WASHINGTON: The armed forces, already struggling to meet recruiting goals, are considering expanding the number of noncitizens in the ranks — including disputed proposals to open recruiting stations overseas and put more immigrants on a faster track to U.S. citizenship if they volunteer — according to Pentagon officials.
Foreign citizens' serving in the U.S. military is a highly charged issue, which could expose the Pentagon to criticism that it is essentially using mercenaries to defend the country. Other analysts voice concern that a large contingent of noncitizens under arms could jeopardize national security or reflect badly on Americans' willingness to serve in uniform.
The idea of signing up residents who are seeking U.S. citizenship is gaining traction as a way to address a critical need for the Pentagon, while fully absorbing some of the roughly one million immigrants that enter the United States legally each year.
The proposal to induct more noncitizens, which is still largely on the drawing board, has to clear a number of hurdles. So far, the Pentagon has been quiet about specifics, like who would be eligible to join, where the recruiting stations would be, and what the minimum standards might involve, like English proficiency. In the meantime, the Pentagon and the immigration authorities have expanded a program that accelerates citizenship for legal residents who volunteer for the military.
Since the terror attacks of Sept. 11, 2001, the number of immigrants in uniform who have become U.S. citizens has increased from 750 in 2001 to almost 4,600 last year, according to military statistics.
With severe manpower strains because of the wars in Iraq and Afghanistan, and a mandate to expand the overall size of the military, the Pentagon is under pressure to consider a variety of proposals involving foreign recruits, according to a military affairs analyst.
"It works as a military idea and it works in the context of American immigration," said Thomas Donnelly, a military scholar at the conservative American Enterprise Institute in Washington and a leading proponent of recruiting more foreigners to serve in the military.
As the wars in Iraq and Afghanistan grind on, the Pentagon has warned Congress and the White House that the military is stretched "to the breaking point."
Both President George W. Bush and Robert Gates, his new defense secretary, have acknowledged that the total size of the military must be expanded to help alleviate the strain on ground troops, many of whom have been deployed repeatedly in combat theaters.
Bush said last week that he had ordered Gates to come up with a plan for the first significant increase in ground forces since the end of the Cold War.

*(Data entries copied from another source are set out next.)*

definition mu :: "nat \<Rightarrow> real \<Rightarrow> (real \<Rightarrow> real) \<Rightarrow> real \<Rightarrow> ((nat \<Rightarrow> nat) \<times> real \<times> real) measure" where
  "mu b \<gamma> \<phi> x = distr (nuZ b) (nuZ b \<Otimes>\<^sub>M borel \<Otimes>\<^sub>M borel) (\<lambda>j. (j, Sfun b \<gamma> \<phi> x j, x))"

definition BT :: "nat \<Rightarrow> (nat \<Rightarrow> nat) \<times> real \<times> real \<Rightarrow> real \<Rightarrow> ((nat \<Rightarrow> nat) \<times> real \<times> real) set" where
  "BT b p r = {(j', y', x'). j' \<in> Sig b \<and> x' \<in> {0..<1} \<and> \<bar>fst (snd p) - y'\<bar> \<le> r}"

definition Part :: "nat \<Rightarrow> nat \<Rightarrow> (nat \<Rightarrow> nat) \<times> real \<times> real \<Rightarrow> ((nat \<Rightarrow> nat) \<times> real \<times> real) set" where
  "Part b n p = {(j', y', x'). j' \<in> Sig b \<and> (\<forall>i<n. j' i = fst p i) \<and> x' \<in> {0..<1}}"

end

theory Submission
  imports Defs "HOL-Library.Periodic_Fun"
begin

text \<open>Under \<open>\<mu>\<^sub>x\<close> the event \<open>B\<^sup>T(r) \<inter> \<P>\<^sup>n\<^sup>+\<^sup>1\<close> is a condition on the digit
  sequence \<open>\<omega>\<close> alone: its first \<open>n + 1\<close> digits are those of \<open>j\<close> and \<open>|y - S(x,\<omega>)| \<le> r\<close>.
  The self-similarity \<open>S(x,\<omega>) = \<phi>(x') + \<gamma> S(x',\<sigma>\<omega>)\<close> with \<open>x' = (x + \<omega>\<^sub>1)/b\<close> turns this
  into \<open>\<omega>\<^sub>1 = j\<^sub>1\<close> together with the same kind of event for \<open>\<sigma>\<omega>\<close>, with data \<open>G(j,y,x)\<close>,
  radius \<open>r/\<gamma>\<close> and \<open>n\<close> digits. Under \<open>\<nu>\<^sup>\<int>\<^sup>+\<close> the first digit is uniform on \<open>b\<close> values
  and independent of \<open>\<sigma>\<omega>\<close>, which is again \<open>\<nu>\<^sup>\<int>\<^sup>+\<close>-distributed; this gives the factor \<open>1/b\<close>.\<close>

lemma bounded_range_periodic_continuous:
  fixes \<phi> :: "real \<Rightarrow> 'a::metric_space"
  assumes "\<And>t. \<phi> (t + 1) = \<phi> t" and "continuous_on UNIV \<phi>"
  shows "bounded (range \<phi>)"
proof -
  interpret periodic_fun_simple' \<phi> by standard (fact assms(1))
  have "range \<phi> \<subseteq> \<phi> ` {0..1}"
  proof
    fix u assume "u \<in> range \<phi>"
    then obtain t where "u = \<phi> t" by blast
    also have "\<dots> = \<phi> (frac t + of_int \<lfloor>t\<rfloor>)" by (simp add: frac_def)
    also have "\<dots> = \<phi> (frac t)" by (rule plus_of_int)
    finally show "u \<in> \<phi> ` {0..1}" using frac_lt_1[of t] by auto
  qed
  moreover have "compact (\<phi> ` {0..1})"
    using assms(2) by (intro compact_continuous_image) (auto intro: continuous_on_subset)
  ultimately show ?thesis using compact_imp_bounded bounded_subset by blast
qed

lemma summable_power_times_bounded:
  fixes g :: "nat \<Rightarrow> real"
  assumes "\<bar>\<gamma>\<bar> < 1" and "bounded (range g)"
  shows "summable (\<lambda>m. \<gamma> ^ m * g m)"
proof -
  obtain B where B: "\<And>m. \<bar>g m\<bar> \<le> B"
    using assms(2) by (auto simp: bounded_iff)
  show ?thesis
  proof (rule summable_comparison_test)
    show "\<exists>N. \<forall>m\<ge>N. norm (\<gamma> ^ m * g m) \<le> B * \<bar>\<gamma>\<bar> ^ m"
      using mult_right_mono[OF B, of "\<bar>\<gamma>\<bar> ^ _"] by (auto simp: abs_mult power_abs mult.commute)
    show "summable (\<lambda>m. B * \<bar>\<gamma>\<bar> ^ m)"
      using assms(1) by (intro summable_mult summable_geometric) auto
  qed
qed

lemma Sfun_shift:
  fixes \<phi> :: "real \<Rightarrow> real" and x :: real and j :: "nat \<Rightarrow> nat"
  assumes "\<bar>\<gamma>\<bar> < 1" and "bounded (range \<phi>)" and "b > 0"
  defines "x' \<equiv> (x + real (j 0)) / real b"
  shows "Sfun b \<gamma> \<phi> x j = \<phi> x' + \<gamma> * Sfun b \<gamma> \<phi> x' (shift j)"
proof -
  define f where "f m = \<gamma> ^ m * \<phi> ((x + (\<Sum>k<Suc m. real (j k) * real b ^ k)) / real b ^ Suc m)" for m
  define g where "g m = \<gamma> ^ m * \<phi> ((x' + (\<Sum>k<Suc m. real (shift j k) * real b ^ k)) / real b ^ Suc m)" for m
  have bounded_comp: "bounded (range (\<lambda>m. \<phi> (h m)))" for h
    using assms(2) by (rule bounded_subset) auto
  have "summable f"
    unfolding f_def by (rule summable_power_times_bounded[OF assms(1) bounded_comp])
  have "summable g"
    unfolding g_def by (rule summable_power_times_bounded[OF assms(1) bounded_comp])
  have f_Suc: "f (Suc m) = \<gamma> * g m" for m
  proof -
    have "(\<Sum>k<Suc (Suc m). real (j k) * real b ^ k) = real (j 0) + real b * (\<Sum>k<Suc m. real (shift j k) * real b ^ k)"
      by (subst sum.lessThan_Suc_shift) (simp add: shift_def sum_distrib_left distrib_left mult.assoc mult.left_commute)
    then have "(x + (\<Sum>k<Suc (Suc m). real (j k) * real b ^ k)) / real b ^ Suc (Suc m)
        = (x' + (\<Sum>k<Suc m. real (shift j k) * real b ^ k)) / real b ^ Suc m"
      using assms(3) by (simp add: x'_def field_simps)
    then show ?thesis unfolding f_def g_def by simp
  qed
  have "Sfun b \<gamma> \<phi> x j = f 0 + (\<Sum>m. f (Suc m))"
    unfolding Sfun_def f_def[symmetric] using suminf_split_head[OF \<open>summable f\<close>] by simp
  also have "\<dots> = \<phi> x' + \<gamma> * Sfun b \<gamma> \<phi> x' (shift j)"
    unfolding f_Suc suminf_mult[OF \<open>summable g\<close>] unfolding Sfun_def g_def f_def x'_def by simp
  finally show ?thesis .
qed

lemma Suc_cylinder_ball_iff:
  fixes \<phi> :: "real \<Rightarrow> real" and x :: real and j :: "nat \<Rightarrow> nat"
  assumes "0 < \<gamma>" and "\<gamma> < 1" and "bounded (range \<phi>)" and "b > 0"
  defines "x' \<equiv> (x + real (j 0)) / real b"
  shows "(\<forall>i<Suc n. \<omega> i = j i) \<and> \<bar>y - Sfun b \<gamma> \<phi> x \<omega>\<bar> \<le> r
    \<longleftrightarrow> \<omega> 0 = j 0 \<and> (\<forall>i<n. shift \<omega> i = shift j i)
        \<and> \<bar>(y - \<phi> x') / \<gamma> - Sfun b \<gamma> \<phi> x' (shift \<omega>)\<bar> \<le> r / \<gamma>"
proof (cases "\<omega> 0 = j 0")
  case True
  then have "Sfun b \<gamma> \<phi> x \<omega> = \<phi> x' + \<gamma> * Sfun b \<gamma> \<phi> x' (shift \<omega>)"
    using Sfun_shift[of \<gamma> \<phi> b x \<omega>] assms by (simp add: x'_def)
  then have "(y - \<phi> x') / \<gamma> - Sfun b \<gamma> \<phi> x' (shift \<omega>) = (y - Sfun b \<gamma> \<phi> x \<omega>) / \<gamma>"
    using assms(1) by (simp add: field_simps)
  then have "\<bar>y - Sfun b \<gamma> \<phi> x \<omega>\<bar> \<le> r \<longleftrightarrow> \<bar>(y - \<phi> x') / \<gamma> - Sfun b \<gamma> \<phi> x' (shift \<omega>)\<bar> \<le> r / \<gamma>"
    using assms(1) by (simp add: abs_div divide_le_cancel)
  then show ?thesis
    using True by (auto simp: shift_def All_less_Suc2)
qed auto

lemma measurable_nuZ_component[measurable]: "(\<lambda>\<omega>. \<omega> k) \<in> measurable (nuZ b) (count_space UNIV)"
proof -
  have "(\<lambda>\<omega>. \<omega> k) \<in> measurable (nuZ b) (uniform_count_measure {0..<b})"
    unfolding nuZ_def by (rule measurable_component_singleton) simp
  then show ?thesis
    by (rule measurable_compose) (simp add: measurable_cong_sets[OF sets_uniform_count_measure_count_space refl])
qed

lemma Sfun_measurable[measurable]:
  assumes [measurable]: "\<phi> \<in> borel_measurable borel"
  shows "Sfun b \<gamma> \<phi> x \<in> borel_measurable (nuZ b)"
  unfolding Sfun_def[abs_def] by measurable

That has led Pentagon officials to consider casting a wider net for noncitizens who are already in the United States, said Lieutenant Colonel Bryan Hilferty, an army spokesman.

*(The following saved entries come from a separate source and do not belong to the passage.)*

theorem proposition1:
  fixes V :: "'b set" and l :: "'b \<Rightarrow> 'b \<Rightarrow> nat" and ax :: "'b \<Rightarrow> nat"
    and v w :: 'b and \<alpha> \<beta> :: "'b \<Rightarrow> real"
  assumes "finite V"
    and "\<And>x y. l x y > 0 \<Longrightarrow> x \<in> V \<and> y \<in> V"
    and "valid_multi_trade V (\<lambda>x y. real (l x y)) (\<lambda>b. real (ax b)) v w \<alpha> \<beta>"
  shows "\<not> (clearing_assets 1 V (trade_liab V (\<lambda>x y. real (l x y)) v w \<beta>)
                (trade_ext V (\<lambda>x y. real (l x y)) (\<lambda>b. real (ax b)) v w \<alpha> \<beta>) v
              > clearing_assets 1 V (\<lambda>x y. real (l x y)) (\<lambda>b. real (ax b)) v
          \<and> clearing_assets 1 V (trade_liab V (\<lambda>x y. real (l x y)) v w \<beta>)
                (trade_ext V (\<lambda>x y. real (l x y)) (\<lambda>b. real (ax b)) v w \<alpha> \<beta>) w
              > clearing_assets 1 V (\<lambda>x y. real (l x y)) (\<lambda>b. real (ax b)) w)"
proof
  let ?l = "\<lambda>x y. real (l x y)" and ?ax = "\<lambda>b. real (ax b)"
  let ?l' = "trade_liab V ?l v w \<beta>" and ?ax' = "trade_ext V ?l ?ax v w \<alpha> \<beta>"
  interpret financial_network V ?l ?ax
    using assms(1,2) by unfold_locales auto
  define S where "S = {b \<in> V. clearing_assets 1 V ?l ?ax b < clearing_assets 1 V ?l' ?ax' b}"
  have vw: "v \<in> V" "w \<in> V" "v \<noteq> w"
    using assms(3) by (auto simp: valid_multi_trade_def)
  assume "clearing_assets 1 V ?l' ?ax' v > clearing_assets 1 V ?l ?ax v
      \<and> clearing_assets 1 V ?l' ?ax' w > clearing_assets 1 V ?l ?ax w"
  then have "v \<in> S" "w \<in> S" using vw by (auto simp: S_def)
  moreover have "finite S" using assms(1) by (simp add: S_def)
  ultimately have "S = {}"
    using vw by (intro no_bank_gains[OF financial_network_trade[OF assms(3)] _ S_def])
      (simp_all add: total_liab_def fun_eq_iff trade_liab_row_sum trade_ext_sum assms(1))
  with \<open>v \<in> S\<close> show False by simp
qed

end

Already, the army and the Immigration and Customs Enforcement division of the Department of Homeland Security have "made it easier for green-card holders who do enlist to get their citizenship," Hilferty said.
Other army officials, who asked not to be identified, said personnel officials were working with Congress and other parts of the government to test the feasibility of going beyond U.S. borders to recruit soldiers and marines.
Currently, Pentagon policy stipulates that only immigrants legally residing in the United States are eligible to enlist. There are currently about 30,000 noncitizens who serve in the U.S. armed forces, making up about 2 percent of the active- duty force, according to statistics from the military and the Council on Foreign Relations. About 100 such noncitizens have died in Iraq and Afghanistan.
A recent change in U.S. law, however, gave the Pentagon authority to bring immigrants to the United States if it determines it is vital to national security. So far, the Pentagon has not taken advantage of it, but the calls are growing to use this new authority.
Indeed, some top military thinkers believe the United States should go as far as targeting foreigners in their native countries.
"It's a little dramatic," said Michael O'Hanlon, a military specialist at the nonpartisan Brookings Institution and another supporter of the proposal. "But if you don't get some new idea how to do this, we will not be able to achieve an increase" in the size of the armed forces.
"We have already done the standard things to recruit new soldiers, including using more recruiters and new advertising campaigns," O'Hanlon added.
O'Hanlon and others noted that the country has relied before on sizable numbers of noncitizens to serve in the military — in the Revolutionary War, for example, German and French soldiers served alongside the colonists, and locals were recruited into U.S. ranks to fight insurgents in the Philippines.